_Prompt_
How do the records below read from their first line through the line containing "define \<theta> where"? Write those lines out exactly.

───── Available data

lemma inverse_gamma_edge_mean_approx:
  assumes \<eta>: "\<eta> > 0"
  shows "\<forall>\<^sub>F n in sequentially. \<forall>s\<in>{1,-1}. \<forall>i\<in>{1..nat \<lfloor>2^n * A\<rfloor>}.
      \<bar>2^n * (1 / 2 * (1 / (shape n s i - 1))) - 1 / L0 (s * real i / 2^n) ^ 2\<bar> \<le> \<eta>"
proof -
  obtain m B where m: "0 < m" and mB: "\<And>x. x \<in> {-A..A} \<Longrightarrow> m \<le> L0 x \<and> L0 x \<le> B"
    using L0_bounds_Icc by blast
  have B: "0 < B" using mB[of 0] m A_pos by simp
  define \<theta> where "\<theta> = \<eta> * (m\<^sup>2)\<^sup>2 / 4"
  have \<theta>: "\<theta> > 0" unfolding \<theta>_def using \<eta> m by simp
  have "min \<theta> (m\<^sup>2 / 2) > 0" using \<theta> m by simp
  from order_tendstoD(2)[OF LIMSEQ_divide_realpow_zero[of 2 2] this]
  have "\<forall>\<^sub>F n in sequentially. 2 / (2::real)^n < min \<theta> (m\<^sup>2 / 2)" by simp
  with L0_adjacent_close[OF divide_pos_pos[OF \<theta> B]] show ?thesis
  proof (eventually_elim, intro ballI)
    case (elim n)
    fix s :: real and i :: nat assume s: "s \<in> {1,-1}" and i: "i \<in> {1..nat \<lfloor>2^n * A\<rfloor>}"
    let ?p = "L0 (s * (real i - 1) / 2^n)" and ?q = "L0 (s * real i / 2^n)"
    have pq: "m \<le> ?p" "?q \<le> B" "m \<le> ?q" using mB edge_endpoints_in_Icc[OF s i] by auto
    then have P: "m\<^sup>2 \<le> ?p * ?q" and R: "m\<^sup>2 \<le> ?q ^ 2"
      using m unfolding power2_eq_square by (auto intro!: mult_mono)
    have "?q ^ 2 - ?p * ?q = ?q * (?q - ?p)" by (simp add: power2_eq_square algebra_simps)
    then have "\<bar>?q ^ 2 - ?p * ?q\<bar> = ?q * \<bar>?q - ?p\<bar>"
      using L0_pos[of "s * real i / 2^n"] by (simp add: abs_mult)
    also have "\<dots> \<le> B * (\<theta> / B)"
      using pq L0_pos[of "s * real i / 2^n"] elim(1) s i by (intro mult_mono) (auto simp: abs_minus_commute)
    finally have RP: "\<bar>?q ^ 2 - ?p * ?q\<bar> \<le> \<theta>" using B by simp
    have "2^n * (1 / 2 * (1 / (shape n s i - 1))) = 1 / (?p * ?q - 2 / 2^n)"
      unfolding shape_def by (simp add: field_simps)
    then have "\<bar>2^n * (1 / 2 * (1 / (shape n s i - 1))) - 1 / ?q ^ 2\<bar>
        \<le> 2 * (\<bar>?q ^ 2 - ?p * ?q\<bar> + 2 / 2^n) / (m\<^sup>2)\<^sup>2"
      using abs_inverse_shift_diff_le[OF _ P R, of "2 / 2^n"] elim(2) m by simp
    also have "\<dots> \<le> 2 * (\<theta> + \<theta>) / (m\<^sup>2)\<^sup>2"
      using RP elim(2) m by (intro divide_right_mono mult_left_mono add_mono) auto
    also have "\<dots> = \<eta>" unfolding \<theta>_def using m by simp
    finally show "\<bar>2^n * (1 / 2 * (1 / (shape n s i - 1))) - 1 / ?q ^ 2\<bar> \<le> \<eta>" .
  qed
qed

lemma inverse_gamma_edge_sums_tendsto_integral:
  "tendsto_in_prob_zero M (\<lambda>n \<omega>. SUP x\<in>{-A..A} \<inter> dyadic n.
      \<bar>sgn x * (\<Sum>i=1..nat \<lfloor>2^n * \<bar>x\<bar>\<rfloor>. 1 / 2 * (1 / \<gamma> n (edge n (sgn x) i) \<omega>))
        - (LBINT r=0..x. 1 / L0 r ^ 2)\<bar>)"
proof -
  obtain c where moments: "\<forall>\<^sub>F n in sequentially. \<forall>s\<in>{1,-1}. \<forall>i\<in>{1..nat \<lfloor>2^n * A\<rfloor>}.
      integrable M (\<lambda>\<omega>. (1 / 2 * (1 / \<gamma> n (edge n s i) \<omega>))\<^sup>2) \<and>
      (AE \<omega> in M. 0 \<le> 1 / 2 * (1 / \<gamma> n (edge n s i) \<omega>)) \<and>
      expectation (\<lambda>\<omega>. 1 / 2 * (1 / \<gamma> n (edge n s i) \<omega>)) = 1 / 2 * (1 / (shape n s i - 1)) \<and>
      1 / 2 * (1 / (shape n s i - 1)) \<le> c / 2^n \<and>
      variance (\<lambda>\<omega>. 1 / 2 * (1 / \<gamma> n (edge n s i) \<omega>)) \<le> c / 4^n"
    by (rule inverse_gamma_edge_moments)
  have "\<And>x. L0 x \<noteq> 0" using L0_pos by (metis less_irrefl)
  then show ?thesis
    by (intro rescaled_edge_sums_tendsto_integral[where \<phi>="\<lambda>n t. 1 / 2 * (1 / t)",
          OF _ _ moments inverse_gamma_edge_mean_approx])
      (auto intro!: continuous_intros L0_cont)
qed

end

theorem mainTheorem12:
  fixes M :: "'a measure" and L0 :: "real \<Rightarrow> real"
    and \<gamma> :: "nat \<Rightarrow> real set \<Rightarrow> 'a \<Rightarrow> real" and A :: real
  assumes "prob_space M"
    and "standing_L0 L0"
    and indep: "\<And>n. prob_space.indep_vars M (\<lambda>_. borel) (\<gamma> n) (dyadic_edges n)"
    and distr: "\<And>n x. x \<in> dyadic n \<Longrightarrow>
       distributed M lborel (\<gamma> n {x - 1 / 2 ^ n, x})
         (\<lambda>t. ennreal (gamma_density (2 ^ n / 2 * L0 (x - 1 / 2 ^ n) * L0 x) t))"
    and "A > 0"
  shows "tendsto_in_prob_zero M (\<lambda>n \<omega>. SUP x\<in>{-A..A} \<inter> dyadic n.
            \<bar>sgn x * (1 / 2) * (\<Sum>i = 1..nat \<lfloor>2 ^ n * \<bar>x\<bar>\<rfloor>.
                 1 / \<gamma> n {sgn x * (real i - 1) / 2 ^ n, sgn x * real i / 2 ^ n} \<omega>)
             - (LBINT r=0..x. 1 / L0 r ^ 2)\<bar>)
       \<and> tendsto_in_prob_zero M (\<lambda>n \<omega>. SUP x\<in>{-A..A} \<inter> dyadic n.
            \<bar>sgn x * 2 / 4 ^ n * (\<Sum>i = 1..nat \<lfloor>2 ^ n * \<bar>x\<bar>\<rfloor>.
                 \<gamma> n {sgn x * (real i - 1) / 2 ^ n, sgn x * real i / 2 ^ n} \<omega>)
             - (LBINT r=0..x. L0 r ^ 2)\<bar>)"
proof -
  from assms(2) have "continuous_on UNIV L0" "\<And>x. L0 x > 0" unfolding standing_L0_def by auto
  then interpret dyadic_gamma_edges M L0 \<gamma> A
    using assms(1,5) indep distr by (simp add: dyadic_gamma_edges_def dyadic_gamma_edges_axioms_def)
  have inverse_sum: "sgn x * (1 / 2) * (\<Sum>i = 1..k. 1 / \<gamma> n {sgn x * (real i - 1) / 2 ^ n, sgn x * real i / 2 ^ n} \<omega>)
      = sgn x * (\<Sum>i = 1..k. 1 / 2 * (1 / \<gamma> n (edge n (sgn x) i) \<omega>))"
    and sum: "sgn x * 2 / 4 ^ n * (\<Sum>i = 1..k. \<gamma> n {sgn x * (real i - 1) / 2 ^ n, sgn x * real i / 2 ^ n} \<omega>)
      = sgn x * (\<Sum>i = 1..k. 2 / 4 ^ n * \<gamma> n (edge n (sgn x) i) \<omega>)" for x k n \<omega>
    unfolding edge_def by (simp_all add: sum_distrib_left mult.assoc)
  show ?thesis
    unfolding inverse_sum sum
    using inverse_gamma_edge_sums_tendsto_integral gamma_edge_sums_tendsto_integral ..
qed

──────────

_Response to the task_
lemma inverse_gamma_edge_mean_approx:
  assumes \<eta>: "\<eta> > 0"
  shows "\<forall>\<^sub>F n in sequentially. \<forall>s\<in>{1,-1}. \<forall>i\<in>{1..nat \<lfloor>2^n * A\<rfloor>}.
      \<bar>2^n * (1 / 2 * (1 / (shape n s i - 1))) - 1 / L0 (s * real i / 2^n) ^ 2\<bar> \<le> \<eta>"
proof -
  obtain m B where m: "0 < m" and mB: "\<And>x. x \<in> {-A..A} \<Longrightarrow> m \<le> L0 x \<and> L0 x \<le> B"
    using L0_bounds_Icc by blast
  have B: "0 < B" using mB[of 0] m A_pos by simp
  define \<theta> where "\<theta> = \<eta> * (m\<^sup>2)\<^sup>2 / 4"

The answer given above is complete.